[Records — start]

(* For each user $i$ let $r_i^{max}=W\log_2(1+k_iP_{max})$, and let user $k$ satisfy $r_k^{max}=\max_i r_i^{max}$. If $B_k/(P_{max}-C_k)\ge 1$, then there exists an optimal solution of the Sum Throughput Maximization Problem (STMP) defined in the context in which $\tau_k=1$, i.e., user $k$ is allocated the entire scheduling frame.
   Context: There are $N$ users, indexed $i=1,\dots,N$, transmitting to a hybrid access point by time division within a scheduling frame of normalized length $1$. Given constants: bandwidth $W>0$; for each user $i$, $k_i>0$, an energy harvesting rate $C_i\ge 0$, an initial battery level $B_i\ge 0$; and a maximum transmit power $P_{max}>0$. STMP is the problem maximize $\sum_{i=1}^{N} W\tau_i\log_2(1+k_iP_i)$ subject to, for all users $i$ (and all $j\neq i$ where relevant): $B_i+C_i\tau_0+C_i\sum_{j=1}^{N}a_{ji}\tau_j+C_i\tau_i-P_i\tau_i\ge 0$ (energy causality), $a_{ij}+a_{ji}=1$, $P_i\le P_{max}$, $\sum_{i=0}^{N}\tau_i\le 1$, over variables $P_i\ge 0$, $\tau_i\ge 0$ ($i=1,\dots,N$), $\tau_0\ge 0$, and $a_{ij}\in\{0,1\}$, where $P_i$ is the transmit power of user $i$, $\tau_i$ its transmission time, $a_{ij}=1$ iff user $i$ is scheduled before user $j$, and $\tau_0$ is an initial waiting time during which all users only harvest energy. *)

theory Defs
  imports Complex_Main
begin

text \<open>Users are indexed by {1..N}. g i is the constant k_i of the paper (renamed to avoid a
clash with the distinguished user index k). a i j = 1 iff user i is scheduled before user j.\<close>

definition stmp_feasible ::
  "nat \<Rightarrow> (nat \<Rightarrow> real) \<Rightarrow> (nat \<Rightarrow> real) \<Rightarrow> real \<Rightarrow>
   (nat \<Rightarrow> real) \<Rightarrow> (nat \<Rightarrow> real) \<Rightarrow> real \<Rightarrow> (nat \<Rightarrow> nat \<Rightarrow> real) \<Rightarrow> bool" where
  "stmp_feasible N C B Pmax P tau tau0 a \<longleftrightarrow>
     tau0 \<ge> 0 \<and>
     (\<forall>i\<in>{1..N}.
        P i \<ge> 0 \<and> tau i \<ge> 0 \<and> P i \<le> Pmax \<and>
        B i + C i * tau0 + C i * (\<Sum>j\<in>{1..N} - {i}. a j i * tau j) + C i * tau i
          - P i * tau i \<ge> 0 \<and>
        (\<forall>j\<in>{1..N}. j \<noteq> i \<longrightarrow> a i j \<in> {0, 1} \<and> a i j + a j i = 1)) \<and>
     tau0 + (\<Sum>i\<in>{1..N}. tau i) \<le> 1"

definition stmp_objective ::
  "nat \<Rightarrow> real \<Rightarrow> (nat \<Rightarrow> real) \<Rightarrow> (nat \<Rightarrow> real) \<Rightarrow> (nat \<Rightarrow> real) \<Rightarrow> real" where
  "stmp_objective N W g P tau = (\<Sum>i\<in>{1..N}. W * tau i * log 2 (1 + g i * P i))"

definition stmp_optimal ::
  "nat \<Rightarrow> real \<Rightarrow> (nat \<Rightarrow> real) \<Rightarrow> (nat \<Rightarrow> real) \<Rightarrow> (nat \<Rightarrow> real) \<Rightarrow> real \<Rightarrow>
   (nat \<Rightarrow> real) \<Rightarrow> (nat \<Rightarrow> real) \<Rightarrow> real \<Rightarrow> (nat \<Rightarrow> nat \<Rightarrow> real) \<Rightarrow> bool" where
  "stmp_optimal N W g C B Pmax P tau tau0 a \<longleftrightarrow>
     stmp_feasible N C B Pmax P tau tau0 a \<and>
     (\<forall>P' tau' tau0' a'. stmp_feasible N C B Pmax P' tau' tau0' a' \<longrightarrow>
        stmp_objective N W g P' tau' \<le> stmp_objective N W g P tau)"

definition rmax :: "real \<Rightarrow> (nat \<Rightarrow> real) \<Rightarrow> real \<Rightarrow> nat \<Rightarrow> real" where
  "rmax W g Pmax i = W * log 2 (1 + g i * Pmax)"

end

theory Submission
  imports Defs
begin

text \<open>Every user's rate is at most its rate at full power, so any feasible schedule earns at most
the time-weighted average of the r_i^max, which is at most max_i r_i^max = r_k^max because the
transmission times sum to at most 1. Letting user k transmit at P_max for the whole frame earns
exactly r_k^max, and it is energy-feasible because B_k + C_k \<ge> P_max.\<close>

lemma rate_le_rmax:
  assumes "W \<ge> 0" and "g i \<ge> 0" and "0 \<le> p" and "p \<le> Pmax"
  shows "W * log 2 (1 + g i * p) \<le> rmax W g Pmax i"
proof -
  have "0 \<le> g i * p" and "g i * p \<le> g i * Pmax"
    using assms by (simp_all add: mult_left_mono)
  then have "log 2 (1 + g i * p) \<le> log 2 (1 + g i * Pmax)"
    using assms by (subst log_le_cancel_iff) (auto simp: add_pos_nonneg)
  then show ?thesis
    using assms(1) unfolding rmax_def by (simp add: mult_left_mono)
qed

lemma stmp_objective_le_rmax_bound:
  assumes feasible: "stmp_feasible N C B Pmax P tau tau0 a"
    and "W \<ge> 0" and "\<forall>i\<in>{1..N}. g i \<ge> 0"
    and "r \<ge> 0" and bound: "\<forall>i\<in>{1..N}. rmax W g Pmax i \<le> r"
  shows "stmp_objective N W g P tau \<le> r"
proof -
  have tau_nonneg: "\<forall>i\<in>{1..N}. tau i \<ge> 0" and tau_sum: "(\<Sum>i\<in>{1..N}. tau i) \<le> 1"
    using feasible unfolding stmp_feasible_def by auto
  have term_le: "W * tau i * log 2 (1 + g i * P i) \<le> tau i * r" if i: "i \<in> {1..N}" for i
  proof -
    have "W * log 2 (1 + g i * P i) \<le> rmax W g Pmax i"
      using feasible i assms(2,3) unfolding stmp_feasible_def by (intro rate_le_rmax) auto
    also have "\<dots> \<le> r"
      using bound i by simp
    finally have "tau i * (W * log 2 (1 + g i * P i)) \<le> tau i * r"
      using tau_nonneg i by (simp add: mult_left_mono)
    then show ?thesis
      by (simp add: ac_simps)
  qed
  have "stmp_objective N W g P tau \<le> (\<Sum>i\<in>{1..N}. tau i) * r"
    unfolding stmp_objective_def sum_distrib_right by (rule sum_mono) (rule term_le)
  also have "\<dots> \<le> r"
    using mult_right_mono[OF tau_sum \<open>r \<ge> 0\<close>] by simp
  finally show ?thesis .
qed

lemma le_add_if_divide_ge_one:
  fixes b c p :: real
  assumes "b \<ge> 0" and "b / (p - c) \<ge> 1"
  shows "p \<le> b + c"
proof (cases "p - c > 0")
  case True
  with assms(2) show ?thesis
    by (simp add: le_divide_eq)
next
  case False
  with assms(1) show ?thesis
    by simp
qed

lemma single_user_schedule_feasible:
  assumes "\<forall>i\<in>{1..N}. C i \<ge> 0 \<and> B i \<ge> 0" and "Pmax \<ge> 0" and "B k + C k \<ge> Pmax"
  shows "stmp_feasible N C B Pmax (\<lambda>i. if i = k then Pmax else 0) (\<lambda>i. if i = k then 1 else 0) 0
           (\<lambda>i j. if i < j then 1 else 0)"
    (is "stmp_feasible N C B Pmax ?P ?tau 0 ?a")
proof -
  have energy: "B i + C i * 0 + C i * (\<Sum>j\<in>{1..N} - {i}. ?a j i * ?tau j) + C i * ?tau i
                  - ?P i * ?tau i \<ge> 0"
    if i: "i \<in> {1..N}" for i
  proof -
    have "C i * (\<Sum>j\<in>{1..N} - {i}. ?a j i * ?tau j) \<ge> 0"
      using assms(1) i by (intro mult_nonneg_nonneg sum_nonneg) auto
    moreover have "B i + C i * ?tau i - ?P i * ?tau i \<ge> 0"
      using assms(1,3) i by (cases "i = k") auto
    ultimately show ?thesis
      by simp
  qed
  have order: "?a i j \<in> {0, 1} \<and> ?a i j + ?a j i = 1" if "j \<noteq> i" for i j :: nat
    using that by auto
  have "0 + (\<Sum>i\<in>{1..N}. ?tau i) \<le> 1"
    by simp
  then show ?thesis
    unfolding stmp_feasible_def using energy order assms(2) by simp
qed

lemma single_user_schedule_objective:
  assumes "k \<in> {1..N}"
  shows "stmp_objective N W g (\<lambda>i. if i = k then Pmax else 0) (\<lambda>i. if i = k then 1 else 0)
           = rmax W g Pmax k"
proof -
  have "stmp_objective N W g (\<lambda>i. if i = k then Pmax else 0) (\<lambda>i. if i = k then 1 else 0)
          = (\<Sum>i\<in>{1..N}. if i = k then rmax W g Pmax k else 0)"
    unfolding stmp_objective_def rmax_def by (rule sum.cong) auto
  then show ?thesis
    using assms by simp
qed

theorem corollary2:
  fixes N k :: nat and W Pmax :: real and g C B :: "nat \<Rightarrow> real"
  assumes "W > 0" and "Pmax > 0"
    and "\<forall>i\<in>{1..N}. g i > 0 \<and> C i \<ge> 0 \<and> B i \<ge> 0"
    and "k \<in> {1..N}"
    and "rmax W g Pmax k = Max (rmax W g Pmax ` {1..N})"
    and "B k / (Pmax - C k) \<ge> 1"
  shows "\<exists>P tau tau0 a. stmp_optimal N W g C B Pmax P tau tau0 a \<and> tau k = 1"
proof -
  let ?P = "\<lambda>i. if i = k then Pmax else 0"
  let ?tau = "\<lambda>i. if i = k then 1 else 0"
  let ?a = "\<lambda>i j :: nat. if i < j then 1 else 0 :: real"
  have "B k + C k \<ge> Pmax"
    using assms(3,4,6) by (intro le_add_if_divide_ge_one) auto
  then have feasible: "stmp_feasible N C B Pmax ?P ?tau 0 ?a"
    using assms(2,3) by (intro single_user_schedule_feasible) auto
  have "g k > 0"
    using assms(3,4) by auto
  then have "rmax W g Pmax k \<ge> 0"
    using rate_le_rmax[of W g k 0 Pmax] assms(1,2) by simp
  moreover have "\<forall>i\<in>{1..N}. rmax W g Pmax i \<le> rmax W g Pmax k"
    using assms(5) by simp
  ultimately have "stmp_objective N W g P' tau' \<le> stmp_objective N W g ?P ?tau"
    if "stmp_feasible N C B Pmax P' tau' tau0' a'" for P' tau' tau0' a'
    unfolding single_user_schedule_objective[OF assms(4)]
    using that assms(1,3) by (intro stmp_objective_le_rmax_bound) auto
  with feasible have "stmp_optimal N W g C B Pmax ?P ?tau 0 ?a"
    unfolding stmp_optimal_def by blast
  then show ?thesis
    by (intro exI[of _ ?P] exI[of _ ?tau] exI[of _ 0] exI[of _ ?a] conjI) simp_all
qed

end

[Records — finish]
[Records — start]

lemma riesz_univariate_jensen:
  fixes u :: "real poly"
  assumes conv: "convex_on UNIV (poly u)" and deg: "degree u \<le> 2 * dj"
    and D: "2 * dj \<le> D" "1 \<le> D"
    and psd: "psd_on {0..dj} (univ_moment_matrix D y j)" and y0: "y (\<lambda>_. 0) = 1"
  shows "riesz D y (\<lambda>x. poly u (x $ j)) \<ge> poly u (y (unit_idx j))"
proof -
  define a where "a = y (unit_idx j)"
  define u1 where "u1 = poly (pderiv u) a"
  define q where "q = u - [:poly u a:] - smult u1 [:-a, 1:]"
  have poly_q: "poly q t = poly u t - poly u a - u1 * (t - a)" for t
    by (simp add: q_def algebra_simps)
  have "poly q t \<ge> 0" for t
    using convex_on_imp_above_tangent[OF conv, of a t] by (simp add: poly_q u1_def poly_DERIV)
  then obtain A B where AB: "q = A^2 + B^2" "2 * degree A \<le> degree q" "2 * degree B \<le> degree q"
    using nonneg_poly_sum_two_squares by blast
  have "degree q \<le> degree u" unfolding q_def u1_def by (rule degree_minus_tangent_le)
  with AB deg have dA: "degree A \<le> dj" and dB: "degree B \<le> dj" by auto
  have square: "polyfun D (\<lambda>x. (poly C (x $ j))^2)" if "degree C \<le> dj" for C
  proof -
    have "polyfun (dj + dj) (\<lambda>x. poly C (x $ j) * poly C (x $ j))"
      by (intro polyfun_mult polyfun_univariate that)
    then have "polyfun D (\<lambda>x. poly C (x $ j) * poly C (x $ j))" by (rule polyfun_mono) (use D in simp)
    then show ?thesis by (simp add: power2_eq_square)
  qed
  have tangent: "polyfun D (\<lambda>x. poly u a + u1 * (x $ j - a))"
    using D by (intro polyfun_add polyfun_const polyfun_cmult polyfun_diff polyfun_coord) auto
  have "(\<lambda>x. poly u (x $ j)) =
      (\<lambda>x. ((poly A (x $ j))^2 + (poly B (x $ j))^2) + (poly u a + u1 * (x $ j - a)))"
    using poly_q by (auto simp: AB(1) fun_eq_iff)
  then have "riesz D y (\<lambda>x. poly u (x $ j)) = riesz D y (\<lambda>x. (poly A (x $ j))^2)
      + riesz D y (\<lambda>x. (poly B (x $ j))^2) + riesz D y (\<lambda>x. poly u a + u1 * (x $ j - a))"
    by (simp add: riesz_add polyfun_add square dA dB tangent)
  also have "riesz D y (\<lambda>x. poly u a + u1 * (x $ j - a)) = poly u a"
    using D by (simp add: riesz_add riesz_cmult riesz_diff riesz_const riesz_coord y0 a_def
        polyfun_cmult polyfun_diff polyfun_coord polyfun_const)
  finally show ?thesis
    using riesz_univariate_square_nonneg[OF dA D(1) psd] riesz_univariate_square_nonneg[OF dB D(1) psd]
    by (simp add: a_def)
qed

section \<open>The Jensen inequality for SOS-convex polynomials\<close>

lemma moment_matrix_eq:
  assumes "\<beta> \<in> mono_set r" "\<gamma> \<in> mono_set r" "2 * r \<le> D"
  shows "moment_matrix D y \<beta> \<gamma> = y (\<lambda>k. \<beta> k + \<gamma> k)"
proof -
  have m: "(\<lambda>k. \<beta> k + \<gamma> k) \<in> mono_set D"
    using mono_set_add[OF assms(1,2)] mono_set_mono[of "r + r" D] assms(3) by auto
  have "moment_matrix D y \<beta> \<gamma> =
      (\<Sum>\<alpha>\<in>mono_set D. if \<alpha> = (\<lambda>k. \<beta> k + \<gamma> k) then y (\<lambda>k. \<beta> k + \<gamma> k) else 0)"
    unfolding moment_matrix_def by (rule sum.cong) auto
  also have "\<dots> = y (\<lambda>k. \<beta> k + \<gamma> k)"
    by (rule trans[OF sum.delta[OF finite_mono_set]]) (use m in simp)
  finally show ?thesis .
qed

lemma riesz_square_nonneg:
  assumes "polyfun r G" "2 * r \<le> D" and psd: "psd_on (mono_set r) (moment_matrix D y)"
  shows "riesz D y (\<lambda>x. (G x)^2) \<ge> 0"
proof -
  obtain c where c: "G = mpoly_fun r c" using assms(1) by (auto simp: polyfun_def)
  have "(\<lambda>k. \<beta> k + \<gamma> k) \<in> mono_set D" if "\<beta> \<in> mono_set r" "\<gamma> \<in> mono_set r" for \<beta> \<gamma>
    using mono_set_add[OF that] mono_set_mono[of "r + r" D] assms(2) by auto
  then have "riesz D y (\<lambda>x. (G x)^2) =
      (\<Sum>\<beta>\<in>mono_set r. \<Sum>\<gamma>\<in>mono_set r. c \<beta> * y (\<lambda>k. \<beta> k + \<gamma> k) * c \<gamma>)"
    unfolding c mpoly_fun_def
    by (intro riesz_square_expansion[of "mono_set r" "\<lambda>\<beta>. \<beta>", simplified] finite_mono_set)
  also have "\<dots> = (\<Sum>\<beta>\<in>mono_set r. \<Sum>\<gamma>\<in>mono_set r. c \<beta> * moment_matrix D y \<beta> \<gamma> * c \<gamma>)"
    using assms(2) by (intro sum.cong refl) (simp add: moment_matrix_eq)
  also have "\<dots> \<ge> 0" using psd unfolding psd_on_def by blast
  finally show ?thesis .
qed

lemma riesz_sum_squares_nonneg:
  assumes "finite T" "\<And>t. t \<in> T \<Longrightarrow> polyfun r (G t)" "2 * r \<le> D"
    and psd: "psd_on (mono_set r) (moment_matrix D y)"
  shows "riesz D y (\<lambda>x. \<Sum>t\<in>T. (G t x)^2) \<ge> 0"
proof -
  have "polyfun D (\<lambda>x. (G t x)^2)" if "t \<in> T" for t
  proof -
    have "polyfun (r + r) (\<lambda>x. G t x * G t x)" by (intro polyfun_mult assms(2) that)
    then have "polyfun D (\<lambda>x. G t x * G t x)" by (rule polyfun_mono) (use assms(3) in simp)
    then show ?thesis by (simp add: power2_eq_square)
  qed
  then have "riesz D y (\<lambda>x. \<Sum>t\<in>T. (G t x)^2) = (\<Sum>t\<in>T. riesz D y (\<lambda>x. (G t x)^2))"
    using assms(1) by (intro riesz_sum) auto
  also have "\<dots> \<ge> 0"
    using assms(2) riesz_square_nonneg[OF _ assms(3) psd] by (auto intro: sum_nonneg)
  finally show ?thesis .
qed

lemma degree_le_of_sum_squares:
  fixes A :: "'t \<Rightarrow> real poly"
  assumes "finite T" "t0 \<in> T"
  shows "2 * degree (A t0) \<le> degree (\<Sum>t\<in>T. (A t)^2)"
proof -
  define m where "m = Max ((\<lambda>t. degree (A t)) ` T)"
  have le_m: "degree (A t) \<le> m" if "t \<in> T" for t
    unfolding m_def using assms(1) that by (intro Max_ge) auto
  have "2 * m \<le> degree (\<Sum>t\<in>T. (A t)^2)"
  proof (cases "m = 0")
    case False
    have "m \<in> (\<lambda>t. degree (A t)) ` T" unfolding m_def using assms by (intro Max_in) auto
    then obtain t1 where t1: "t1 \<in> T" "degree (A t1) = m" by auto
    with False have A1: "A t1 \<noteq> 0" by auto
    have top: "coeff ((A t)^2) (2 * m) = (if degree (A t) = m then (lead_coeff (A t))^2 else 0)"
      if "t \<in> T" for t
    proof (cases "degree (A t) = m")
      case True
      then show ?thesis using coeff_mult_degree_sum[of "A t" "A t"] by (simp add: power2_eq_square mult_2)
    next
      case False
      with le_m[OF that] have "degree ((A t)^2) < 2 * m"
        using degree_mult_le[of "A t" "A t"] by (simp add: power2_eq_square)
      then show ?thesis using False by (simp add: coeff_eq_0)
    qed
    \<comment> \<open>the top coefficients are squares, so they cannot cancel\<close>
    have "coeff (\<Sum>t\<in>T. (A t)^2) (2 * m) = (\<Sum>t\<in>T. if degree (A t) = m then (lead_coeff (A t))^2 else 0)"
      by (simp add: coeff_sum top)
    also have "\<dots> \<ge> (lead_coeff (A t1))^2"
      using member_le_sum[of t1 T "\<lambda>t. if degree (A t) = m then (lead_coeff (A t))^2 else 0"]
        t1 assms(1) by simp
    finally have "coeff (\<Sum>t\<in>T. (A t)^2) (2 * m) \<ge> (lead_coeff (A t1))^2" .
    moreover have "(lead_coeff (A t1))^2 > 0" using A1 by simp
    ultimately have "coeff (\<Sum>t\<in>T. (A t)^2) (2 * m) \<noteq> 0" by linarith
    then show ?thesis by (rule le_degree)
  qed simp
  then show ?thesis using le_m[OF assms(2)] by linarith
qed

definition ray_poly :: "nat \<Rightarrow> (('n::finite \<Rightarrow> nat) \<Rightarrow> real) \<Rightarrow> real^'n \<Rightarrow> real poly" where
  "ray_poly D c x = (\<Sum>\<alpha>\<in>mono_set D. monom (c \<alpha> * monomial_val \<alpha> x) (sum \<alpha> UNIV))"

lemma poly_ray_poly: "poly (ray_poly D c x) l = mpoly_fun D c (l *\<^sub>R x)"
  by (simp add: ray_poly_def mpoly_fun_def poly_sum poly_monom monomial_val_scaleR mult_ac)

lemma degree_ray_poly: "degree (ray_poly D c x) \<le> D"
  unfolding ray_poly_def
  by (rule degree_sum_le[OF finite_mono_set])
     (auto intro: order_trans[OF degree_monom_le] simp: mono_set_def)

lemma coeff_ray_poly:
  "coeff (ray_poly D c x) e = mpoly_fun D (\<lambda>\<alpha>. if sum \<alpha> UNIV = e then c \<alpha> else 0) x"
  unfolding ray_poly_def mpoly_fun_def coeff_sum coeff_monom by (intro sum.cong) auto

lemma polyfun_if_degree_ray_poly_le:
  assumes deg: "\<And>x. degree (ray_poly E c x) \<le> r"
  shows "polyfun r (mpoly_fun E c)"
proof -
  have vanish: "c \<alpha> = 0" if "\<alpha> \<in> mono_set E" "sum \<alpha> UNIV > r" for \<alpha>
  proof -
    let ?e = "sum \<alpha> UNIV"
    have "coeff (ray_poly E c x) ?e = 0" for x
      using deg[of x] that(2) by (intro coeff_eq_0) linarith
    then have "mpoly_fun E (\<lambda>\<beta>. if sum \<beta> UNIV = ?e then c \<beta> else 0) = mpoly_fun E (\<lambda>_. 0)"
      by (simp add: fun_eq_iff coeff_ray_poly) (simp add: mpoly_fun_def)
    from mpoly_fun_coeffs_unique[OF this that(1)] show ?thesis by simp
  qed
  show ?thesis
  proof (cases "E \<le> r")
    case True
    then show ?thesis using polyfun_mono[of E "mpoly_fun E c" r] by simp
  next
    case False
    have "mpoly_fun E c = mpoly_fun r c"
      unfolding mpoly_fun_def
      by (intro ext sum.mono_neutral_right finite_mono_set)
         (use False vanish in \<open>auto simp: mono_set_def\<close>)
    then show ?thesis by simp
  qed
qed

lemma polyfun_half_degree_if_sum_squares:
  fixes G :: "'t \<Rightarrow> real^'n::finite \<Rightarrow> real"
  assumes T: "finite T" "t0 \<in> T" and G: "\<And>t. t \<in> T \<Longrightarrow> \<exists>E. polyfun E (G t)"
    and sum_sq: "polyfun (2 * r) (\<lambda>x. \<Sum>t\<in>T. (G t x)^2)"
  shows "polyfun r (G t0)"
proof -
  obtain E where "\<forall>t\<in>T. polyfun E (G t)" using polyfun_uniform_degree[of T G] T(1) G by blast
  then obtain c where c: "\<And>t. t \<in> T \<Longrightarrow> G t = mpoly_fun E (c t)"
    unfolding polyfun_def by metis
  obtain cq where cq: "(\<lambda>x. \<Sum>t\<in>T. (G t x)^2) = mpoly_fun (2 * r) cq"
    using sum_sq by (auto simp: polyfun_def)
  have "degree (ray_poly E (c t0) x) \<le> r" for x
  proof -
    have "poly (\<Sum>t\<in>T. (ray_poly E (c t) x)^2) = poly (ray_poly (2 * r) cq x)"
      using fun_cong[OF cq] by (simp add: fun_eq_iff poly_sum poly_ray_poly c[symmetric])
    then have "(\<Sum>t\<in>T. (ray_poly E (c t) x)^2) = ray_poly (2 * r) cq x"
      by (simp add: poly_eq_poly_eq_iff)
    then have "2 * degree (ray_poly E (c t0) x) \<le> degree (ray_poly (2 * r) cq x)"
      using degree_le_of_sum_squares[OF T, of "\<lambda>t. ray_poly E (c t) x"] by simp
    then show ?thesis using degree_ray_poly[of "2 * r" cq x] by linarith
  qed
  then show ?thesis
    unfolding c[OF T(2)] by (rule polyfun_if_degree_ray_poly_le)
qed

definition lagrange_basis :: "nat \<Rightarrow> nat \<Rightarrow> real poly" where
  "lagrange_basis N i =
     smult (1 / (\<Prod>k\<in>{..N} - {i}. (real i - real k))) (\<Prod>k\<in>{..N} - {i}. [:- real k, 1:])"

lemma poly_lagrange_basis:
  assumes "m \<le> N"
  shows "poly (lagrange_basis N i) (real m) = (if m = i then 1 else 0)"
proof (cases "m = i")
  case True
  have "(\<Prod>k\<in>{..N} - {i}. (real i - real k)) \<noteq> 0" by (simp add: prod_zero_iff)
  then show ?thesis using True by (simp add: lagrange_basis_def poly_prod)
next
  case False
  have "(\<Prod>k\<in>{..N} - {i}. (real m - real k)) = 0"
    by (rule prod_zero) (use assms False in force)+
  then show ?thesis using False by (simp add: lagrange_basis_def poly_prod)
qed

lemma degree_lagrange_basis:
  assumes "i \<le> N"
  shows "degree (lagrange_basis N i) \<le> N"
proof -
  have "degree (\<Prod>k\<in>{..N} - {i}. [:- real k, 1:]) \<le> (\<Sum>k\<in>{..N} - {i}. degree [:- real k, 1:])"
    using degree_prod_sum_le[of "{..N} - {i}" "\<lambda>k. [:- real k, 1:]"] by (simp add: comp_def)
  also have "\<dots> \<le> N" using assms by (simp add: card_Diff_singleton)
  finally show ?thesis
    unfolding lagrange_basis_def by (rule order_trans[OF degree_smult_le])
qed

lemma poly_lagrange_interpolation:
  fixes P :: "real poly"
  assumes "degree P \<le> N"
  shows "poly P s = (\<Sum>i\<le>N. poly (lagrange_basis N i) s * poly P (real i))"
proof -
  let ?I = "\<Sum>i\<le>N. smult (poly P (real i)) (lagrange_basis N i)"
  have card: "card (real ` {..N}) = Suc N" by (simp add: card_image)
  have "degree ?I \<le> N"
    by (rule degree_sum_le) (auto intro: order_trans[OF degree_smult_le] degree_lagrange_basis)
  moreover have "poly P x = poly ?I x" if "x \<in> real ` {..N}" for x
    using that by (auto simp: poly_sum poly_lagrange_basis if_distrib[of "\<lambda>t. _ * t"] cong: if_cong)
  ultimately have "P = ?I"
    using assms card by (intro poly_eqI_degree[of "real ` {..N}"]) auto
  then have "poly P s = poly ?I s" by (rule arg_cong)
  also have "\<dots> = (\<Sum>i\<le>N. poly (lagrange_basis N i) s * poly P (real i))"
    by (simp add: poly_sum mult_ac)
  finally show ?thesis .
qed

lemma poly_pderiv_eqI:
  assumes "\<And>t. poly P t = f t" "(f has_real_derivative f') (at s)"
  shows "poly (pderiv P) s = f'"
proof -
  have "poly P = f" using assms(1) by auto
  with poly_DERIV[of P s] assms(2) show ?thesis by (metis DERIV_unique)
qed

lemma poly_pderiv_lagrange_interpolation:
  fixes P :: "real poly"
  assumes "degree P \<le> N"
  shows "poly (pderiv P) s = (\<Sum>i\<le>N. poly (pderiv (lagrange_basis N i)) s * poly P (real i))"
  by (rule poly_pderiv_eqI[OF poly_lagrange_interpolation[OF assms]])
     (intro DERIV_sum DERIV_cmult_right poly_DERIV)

[Records — finish]

- _Problem description_:
Each line of the entries where the string "fixes" occurs should be shown.

- _Solution_:
  fixes b c p :: real
  fixes N k :: nat and W Pmax :: real and g C B :: "nat \<Rightarrow> real"
  fixes u :: "real poly"
  fixes A :: "'t \<Rightarrow> real poly"
  fixes G :: "'t \<Rightarrow> real^'n::finite \<Rightarrow> real"
  fixes P :: "real poly"
  fixes P :: "real poly"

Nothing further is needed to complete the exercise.